ENTRIES SHOWN:
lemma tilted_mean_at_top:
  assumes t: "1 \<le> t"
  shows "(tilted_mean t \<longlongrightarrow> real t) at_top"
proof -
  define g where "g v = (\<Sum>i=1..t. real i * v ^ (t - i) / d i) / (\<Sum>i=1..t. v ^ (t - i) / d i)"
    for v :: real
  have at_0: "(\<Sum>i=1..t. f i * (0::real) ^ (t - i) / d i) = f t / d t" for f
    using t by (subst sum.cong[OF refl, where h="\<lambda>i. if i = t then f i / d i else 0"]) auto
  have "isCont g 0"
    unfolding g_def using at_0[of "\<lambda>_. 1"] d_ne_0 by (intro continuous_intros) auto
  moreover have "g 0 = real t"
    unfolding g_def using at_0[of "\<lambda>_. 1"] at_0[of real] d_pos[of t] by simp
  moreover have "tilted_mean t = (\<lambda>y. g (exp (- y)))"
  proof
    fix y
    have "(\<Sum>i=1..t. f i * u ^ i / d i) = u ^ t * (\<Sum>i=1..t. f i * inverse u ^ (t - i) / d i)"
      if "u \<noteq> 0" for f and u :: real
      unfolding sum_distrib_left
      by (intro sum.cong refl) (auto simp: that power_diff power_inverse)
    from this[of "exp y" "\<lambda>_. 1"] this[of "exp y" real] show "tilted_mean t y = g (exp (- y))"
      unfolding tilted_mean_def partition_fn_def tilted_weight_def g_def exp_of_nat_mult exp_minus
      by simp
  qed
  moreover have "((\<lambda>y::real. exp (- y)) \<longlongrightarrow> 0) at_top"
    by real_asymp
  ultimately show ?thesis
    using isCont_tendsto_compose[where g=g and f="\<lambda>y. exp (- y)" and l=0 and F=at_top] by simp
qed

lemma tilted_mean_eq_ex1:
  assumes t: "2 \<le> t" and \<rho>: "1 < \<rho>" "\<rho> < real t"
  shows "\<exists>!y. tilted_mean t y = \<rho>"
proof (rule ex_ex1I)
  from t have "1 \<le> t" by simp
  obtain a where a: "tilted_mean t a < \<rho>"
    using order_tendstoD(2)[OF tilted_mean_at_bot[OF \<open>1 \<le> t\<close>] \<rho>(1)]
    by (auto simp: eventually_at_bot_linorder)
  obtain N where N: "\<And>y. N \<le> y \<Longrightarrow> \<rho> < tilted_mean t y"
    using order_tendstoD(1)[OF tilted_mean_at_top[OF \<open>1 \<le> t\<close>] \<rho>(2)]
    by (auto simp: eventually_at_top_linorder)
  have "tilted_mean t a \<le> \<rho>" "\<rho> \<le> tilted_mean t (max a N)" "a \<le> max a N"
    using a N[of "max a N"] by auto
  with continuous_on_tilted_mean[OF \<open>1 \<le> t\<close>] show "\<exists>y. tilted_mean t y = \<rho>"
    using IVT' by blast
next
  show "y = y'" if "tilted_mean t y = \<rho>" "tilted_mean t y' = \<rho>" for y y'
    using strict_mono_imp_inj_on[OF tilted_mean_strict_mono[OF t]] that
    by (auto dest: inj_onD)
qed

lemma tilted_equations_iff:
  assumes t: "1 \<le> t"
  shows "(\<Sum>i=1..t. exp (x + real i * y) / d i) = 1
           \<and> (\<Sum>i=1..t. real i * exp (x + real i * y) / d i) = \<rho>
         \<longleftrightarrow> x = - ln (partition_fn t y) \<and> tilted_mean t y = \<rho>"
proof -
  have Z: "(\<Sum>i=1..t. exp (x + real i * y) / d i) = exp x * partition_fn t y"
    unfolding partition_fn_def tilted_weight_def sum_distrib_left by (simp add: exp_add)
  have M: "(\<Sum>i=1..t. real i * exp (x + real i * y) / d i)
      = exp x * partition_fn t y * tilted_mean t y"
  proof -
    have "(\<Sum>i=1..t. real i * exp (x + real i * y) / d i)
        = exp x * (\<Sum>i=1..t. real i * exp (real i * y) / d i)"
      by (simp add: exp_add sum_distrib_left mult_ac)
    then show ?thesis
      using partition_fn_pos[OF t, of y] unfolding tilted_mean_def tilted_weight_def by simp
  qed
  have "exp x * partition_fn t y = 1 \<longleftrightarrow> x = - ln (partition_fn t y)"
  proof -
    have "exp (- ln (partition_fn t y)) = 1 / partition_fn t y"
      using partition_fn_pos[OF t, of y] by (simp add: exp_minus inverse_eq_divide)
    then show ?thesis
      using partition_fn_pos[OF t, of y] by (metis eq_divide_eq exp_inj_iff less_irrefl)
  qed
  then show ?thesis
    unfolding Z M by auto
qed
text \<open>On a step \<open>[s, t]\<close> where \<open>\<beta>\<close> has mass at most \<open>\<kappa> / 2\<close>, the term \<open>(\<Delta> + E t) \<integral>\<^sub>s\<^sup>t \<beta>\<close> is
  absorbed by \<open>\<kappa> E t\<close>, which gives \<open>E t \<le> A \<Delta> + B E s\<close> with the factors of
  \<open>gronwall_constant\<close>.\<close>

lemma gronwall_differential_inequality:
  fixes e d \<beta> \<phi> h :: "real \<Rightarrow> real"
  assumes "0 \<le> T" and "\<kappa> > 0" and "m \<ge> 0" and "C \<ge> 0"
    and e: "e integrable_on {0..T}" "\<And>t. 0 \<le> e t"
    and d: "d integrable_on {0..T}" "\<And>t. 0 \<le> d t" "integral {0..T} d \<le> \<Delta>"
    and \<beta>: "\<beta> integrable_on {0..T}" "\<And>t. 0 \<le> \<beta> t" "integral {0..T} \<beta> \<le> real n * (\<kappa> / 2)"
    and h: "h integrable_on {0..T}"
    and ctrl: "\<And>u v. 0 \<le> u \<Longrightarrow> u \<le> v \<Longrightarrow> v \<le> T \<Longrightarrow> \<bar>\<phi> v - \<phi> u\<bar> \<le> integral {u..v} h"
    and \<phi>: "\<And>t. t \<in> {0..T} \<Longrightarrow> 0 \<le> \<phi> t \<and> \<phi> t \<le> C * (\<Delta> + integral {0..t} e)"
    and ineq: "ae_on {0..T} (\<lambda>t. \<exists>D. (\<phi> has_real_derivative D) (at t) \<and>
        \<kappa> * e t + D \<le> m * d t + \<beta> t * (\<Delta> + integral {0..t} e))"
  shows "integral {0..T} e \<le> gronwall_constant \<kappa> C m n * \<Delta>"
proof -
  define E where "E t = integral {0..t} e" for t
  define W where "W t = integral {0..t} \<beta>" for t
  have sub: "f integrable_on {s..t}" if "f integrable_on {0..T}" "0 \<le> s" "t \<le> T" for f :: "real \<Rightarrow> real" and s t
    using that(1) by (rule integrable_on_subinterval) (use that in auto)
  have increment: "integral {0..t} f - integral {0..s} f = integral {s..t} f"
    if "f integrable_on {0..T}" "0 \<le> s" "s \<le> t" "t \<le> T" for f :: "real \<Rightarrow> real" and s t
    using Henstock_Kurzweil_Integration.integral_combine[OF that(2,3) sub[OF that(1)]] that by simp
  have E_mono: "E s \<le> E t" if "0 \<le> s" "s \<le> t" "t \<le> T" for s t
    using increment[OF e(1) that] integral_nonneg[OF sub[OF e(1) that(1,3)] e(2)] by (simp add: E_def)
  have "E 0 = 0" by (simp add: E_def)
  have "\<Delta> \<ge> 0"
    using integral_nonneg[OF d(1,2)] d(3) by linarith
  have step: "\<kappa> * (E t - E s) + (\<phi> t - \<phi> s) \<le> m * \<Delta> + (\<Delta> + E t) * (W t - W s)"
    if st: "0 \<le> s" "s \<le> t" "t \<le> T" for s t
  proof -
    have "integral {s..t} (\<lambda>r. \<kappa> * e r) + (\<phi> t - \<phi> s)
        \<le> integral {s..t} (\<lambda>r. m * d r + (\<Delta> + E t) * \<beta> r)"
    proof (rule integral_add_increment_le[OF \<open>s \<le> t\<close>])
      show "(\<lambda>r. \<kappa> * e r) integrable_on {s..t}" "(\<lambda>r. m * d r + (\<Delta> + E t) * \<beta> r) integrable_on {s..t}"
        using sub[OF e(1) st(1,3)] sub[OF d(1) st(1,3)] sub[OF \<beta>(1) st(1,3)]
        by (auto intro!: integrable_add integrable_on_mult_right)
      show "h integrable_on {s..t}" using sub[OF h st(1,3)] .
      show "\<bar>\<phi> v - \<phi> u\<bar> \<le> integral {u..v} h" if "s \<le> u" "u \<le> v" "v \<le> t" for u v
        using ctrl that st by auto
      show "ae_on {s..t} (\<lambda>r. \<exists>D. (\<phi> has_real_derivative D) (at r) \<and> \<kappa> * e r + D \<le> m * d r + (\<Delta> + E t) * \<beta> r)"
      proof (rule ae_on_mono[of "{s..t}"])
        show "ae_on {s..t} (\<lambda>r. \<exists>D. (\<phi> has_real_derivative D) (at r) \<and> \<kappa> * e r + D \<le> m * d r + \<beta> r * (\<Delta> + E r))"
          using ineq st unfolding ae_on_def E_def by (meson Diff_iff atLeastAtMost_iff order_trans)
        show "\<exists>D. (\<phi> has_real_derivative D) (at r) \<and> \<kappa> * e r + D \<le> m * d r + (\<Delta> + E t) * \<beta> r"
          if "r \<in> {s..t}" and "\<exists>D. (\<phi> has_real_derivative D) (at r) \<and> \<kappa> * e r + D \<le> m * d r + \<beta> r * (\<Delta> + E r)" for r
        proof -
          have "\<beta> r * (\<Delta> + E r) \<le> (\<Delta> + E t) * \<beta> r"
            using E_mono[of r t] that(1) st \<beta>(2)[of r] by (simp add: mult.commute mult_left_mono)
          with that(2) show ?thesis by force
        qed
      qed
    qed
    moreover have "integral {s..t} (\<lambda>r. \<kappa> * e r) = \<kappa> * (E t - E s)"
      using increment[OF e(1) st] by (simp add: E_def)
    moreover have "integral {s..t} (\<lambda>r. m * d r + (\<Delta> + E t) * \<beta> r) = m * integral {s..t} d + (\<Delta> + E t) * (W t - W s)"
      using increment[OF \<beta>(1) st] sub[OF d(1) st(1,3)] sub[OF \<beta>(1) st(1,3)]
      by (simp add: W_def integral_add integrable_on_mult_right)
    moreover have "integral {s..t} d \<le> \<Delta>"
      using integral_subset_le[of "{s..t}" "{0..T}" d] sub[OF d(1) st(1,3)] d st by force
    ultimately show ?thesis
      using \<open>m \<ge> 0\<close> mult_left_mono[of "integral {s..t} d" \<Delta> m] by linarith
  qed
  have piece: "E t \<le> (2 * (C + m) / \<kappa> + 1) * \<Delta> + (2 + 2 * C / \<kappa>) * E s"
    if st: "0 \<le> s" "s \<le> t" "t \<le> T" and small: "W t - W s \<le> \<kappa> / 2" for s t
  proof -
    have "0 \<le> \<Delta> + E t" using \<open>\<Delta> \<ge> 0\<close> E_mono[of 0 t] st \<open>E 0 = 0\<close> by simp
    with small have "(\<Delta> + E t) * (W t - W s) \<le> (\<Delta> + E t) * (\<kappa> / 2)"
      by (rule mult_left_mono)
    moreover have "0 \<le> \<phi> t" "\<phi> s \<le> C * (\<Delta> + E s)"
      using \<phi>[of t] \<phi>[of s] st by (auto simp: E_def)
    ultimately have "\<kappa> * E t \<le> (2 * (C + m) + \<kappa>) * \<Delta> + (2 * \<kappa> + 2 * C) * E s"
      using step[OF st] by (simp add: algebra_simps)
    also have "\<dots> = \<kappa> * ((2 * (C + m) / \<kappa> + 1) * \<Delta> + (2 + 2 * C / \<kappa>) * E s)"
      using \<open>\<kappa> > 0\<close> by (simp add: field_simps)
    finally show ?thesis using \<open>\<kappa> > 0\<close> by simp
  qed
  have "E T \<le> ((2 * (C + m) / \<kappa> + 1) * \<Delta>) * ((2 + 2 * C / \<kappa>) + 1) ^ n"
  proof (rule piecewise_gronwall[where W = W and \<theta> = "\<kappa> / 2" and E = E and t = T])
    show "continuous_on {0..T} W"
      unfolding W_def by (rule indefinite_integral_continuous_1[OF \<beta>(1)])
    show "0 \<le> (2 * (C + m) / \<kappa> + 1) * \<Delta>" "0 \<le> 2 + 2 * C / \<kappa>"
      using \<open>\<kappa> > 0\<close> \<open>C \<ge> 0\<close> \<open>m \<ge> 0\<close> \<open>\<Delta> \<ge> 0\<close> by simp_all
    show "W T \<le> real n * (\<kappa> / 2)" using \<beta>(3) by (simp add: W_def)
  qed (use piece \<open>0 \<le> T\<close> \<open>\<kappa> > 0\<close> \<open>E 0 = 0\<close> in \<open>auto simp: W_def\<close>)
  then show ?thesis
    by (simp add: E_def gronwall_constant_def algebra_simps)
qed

WHAT YOU ARE ASKED TO DO: Look back at the data above. Transcribe exactly the lines starting at the line that contains "(- ln (partition_fn" and ending at the line that contains "t + \<beta>".

EXPECTED ANSWER:
    have "exp (- ln (partition_fn t y)) = 1 / partition_fn t y"
      using partition_fn_pos[OF t, of y] by (simp add: exp_minus inverse_eq_divide)
    then show ?thesis
      using partition_fn_pos[OF t, of y] by (metis eq_divide_eq exp_inj_iff less_irrefl)
  qed
  then show ?thesis
    unfolding Z M by auto
qed
text \<open>On a step \<open>[s, t]\<close> where \<open>\<beta>\<close> has mass at most \<open>\<kappa> / 2\<close>, the term \<open>(\<Delta> + E t) \<integral>\<^sub>s\<^sup>t \<beta>\<close> is
  absorbed by \<open>\<kappa> E t\<close>, which gives \<open>E t \<le> A \<Delta> + B E s\<close> with the factors of
  \<open>gronwall_constant\<close>.\<close>

lemma gronwall_differential_inequality:
  fixes e d \<beta> \<phi> h :: "real \<Rightarrow> real"
  assumes "0 \<le> T" and "\<kappa> > 0" and "m \<ge> 0" and "C \<ge> 0"
    and e: "e integrable_on {0..T}" "\<And>t. 0 \<le> e t"
    and d: "d integrable_on {0..T}" "\<And>t. 0 \<le> d t" "integral {0..T} d \<le> \<Delta>"
    and \<beta>: "\<beta> integrable_on {0..T}" "\<And>t. 0 \<le> \<beta> t" "integral {0..T} \<beta> \<le> real n * (\<kappa> / 2)"
    and h: "h integrable_on {0..T}"
    and ctrl: "\<And>u v. 0 \<le> u \<Longrightarrow> u \<le> v \<Longrightarrow> v \<le> T \<Longrightarrow> \<bar>\<phi> v - \<phi> u\<bar> \<le> integral {u..v} h"
    and \<phi>: "\<And>t. t \<in> {0..T} \<Longrightarrow> 0 \<le> \<phi> t \<and> \<phi> t \<le> C * (\<Delta> + integral {0..t} e)"
    and ineq: "ae_on {0..T} (\<lambda>t. \<exists>D. (\<phi> has_real_derivative D) (at t) \<and>
        \<kappa> * e t + D \<le> m * d t + \<beta> t * (\<Delta> + integral {0..t} e))"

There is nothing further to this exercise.